**WHAT TO DO**
Reproduce the first line of the entries that follow and each later line, word for word, ending with the one containing "using x unfolding is_atom_def by blast".

**RECORDS SHOWN**

lemma is_atom_dom:
  assumes x: "is_atom mul z x"
  shows "is_atom mul z (iv x \<cdot> x)"
  unfolding is_atom_def
proof (intro conjI allI impI)
  show "iv x \<cdot> x \<noteq> z"
    using x unfolding is_atom_def by (metis mul_sinv_mul(1) zero_right)
  fix t
  assume t: "nleq mul t (iv x \<cdot> x)"
  then have tt: "t \<cdot> t = t" and t_eq: "iv x \<cdot> x \<cdot> t = t"
    using nleq_idem[OF idem_dom] idem_nleq_iff by blast+
  have "nleq mul (x \<cdot> t) x"
    using nleq_iff_idem_factor tt by blast
  then have "x \<cdot> t = z \<or> x \<cdot> t = x"
    using x unfolding is_atom_def by blast
  then show "t = z \<or> t = iv x \<cdot> x"
    using t_eq by (metis assoc zero_right)
qed

lemma is_atom_if_dom:
  assumes dom: "is_atom mul z (iv x \<cdot> x)"
  shows "is_atom mul z x"
  unfolding is_atom_def
proof (intro conjI allI impI)
  show "x \<noteq> z"
    using dom unfolding is_atom_def by auto
  fix t
  assume t: "nleq mul t x"
  then have "t = x \<cdot> (iv t \<cdot> t)"
    unfolding nleq_def .
  moreover have "iv t \<cdot> t = z \<or> iv t \<cdot> t = iv x \<cdot> x"
    using dom nleq_dom[OF t] unfolding is_atom_def by blast
  ultimately show "t = z \<or> t = x"
    by (metis mul_sinv_mul(1) zero_right)
qed

lemma atom_mul_idem:
  assumes "is_atom mul z e" and f: "f \<cdot> f = f"
  shows "e \<cdot> f = z \<or> e \<cdot> f = e"
  using assms nleq_iff_idem_factor unfolding is_atom_def by blast

lemma commute_idems_if_dom_ran_atom:
  assumes e: "is_atom mul z e" "e \<cdot> e = e"
    and dom: "iv g \<cdot> g = e" and ran: "g \<cdot> iv g = e"
    and f: "f \<cdot> f = f"
  shows "f \<cdot> g = g \<cdot> f"
proof -
  have eg: "e \<cdot> g = g" and ge: "g \<cdot> e = g"
    using dom ran by (metis assoc mul_sinv_mul(1))+
  have fe: "f \<cdot> e = e \<cdot> f"
    using idem_commute[OF f e(2)] .
  from atom_mul_idem[OF e(1) f] show ?thesis
  proof
    assume "e \<cdot> f = z"
    then show ?thesis
      using eg ge fe by (metis assoc zero_left zero_right)
  next
    assume "e \<cdot> f = e"
    then show ?thesis
      using eg ge fe by (metis assoc)
  qed
qed

lemma compatible_if_orthogonal:
  assumes dom: "iv a \<cdot> a \<cdot> (iv b \<cdot> b) = z" and ran: "a \<cdot> iv a \<cdot> (b \<cdot> iv b) = z"
  shows "compatible mul a b"
proof -
  have "iv a \<cdot> b = z"
    using ran by (metis assoc sinv_mul_sinv(2) mul_sinv_mul(1) zero_left zero_right)
  moreover have "a \<cdot> iv b = z"
    using dom by (metis assoc sinv_mul_sinv(1) mul_sinv_mul(2) zero_left zero_right)
  ultimately show ?thesis
    unfolding compatible_def idem_def by simp
qed

lemma compatible_refl: "compatible mul a a"
  unfolding compatible_def idem_def by simp

lemma compatible_sym: "compatible mul a b \<Longrightarrow> compatible mul b a"
  unfolding compatible_def idem_def by (metis sinv_mul sinv_sinv sinv_idem)

lemma compatible_set_pair: "compatible mul a b \<Longrightarrow> compatible_set mul {a, b}"
  unfolding compatible_set_def using compatible_refl compatible_sym by blast

end

locale boolean_inv_monoid =
  fixes mul :: "'a \<Rightarrow> 'a \<Rightarrow> 'a" (infixl "\<cdot>" 70) and one z :: 'a
  assumes boolean_inverse_monoid: "boolean_inverse_monoid mul one z"

sublocale boolean_inv_monoid \<subseteq> inv_semigroup_zero mul z
  using boolean_inverse_monoid unfolding boolean_inverse_monoid_def
  by unfold_locales blast+

context boolean_inv_monoid
begin

lemma one_left [simp]: "one \<cdot> s = s" and one_right [simp]: "s \<cdot> one = s"
  using boolean_inverse_monoid unfolding boolean_inverse_monoid_def by blast+

lemma ex_lub: "finite A \<Longrightarrow> compatible_set mul A \<Longrightarrow> \<exists>j. is_lub_in (nleq mul) UNIV A j"
  using boolean_inverse_monoid unfolding boolean_inverse_monoid_def by blast

lemma is_lub_mult:
  assumes "finite A" "compatible_set mul A" "is_lub_in (nleq mul) UNIV A j"
  shows is_lub_mult_left: "is_lub_in (nleq mul) UNIV ((\<lambda>a. s \<cdot> a) ` A) (s \<cdot> j)"
    and is_lub_mult_right: "is_lub_in (nleq mul) UNIV ((\<lambda>a. a \<cdot> s) ` A) (j \<cdot> s)"
  using assms boolean_inverse_monoid unfolding boolean_inverse_monoid_def by blast+

lemma boolean_algebra_idems: "boolean_algebra_on {e. idem mul e} (nleq mul)"
  using boolean_inverse_monoid unfolding boolean_inverse_monoid_def by blast

lemma idem_nleq_one: "e \<cdot> e = e \<Longrightarrow> nleq mul e one"
  using idem_nleq_iff by simp

lemma nleq_one_idem: "nleq mul s one \<Longrightarrow> s \<cdot> s = s"
  using nleq_idem[of one s] by simp

lemma compatible_idems: "e \<cdot> e = e \<Longrightarrow> f \<cdot> f = f \<Longrightarrow> compatible mul e f"
  unfolding compatible_def idem_def using sinv_idem idem_mul by simp

lemma ex_lub_idems:
  assumes "finite A" and idems: "\<forall>e\<in>A. e \<cdot> e = e"
  obtains j where "is_lub_in (nleq mul) UNIV A j" and "j \<cdot> j = j"
proof -
  have "compatible_set mul A"
    unfolding compatible_set_def using idems compatible_idems by blast
  then obtain j where j: "is_lub_in (nleq mul) UNIV A j"
    using ex_lub \<open>finite A\<close> by blast
  then have "nleq mul j one"
    using idems idem_nleq_one unfolding is_lub_in_def by blast
  then show thesis
    using that j nleq_one_idem by blast
qed

lemma is_lub_zero: "is_lub_in (nleq mul) UNIV {g, z} g"
  unfolding is_lub_in_def using nleq_refl zero_nleq by simp

lemma lub_commute:
  assumes "finite A" "compatible_set mul A" and j: "is_lub_in (nleq mul) UNIV A j"
    and comm: "\<forall>a\<in>A. f \<cdot> a = a \<cdot> f"
  shows "f \<cdot> j = j \<cdot> f"
proof -
  have "(\<lambda>a. f \<cdot> a) ` A = (\<lambda>a. a \<cdot> f) ` A"
    using comm by (auto intro: image_cong)
  then show ?thesis
    using is_lub_mult_left[OF assms(1-3)] is_lub_mult_right[OF assms(1-3)] is_lub_unique
    by metis
qed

**ANSWER TO THIS TASK**
lemma is_atom_dom:
  assumes x: "is_atom mul z x"
  shows "is_atom mul z (iv x \<cdot> x)"
  unfolding is_atom_def
proof (intro conjI allI impI)
  show "iv x \<cdot> x \<noteq> z"
    using x unfolding is_atom_def by (metis mul_sinv_mul(1) zero_right)
  fix t
  assume t: "nleq mul t (iv x \<cdot> x)"
  then have tt: "t \<cdot> t = t" and t_eq: "iv x \<cdot> x \<cdot> t = t"
    using nleq_idem[OF idem_dom] idem_nleq_iff by blast+
  have "nleq mul (x \<cdot> t) x"
    using nleq_iff_idem_factor tt by blast
  then have "x \<cdot> t = z \<or> x \<cdot> t = x"
    using x unfolding is_atom_def by blast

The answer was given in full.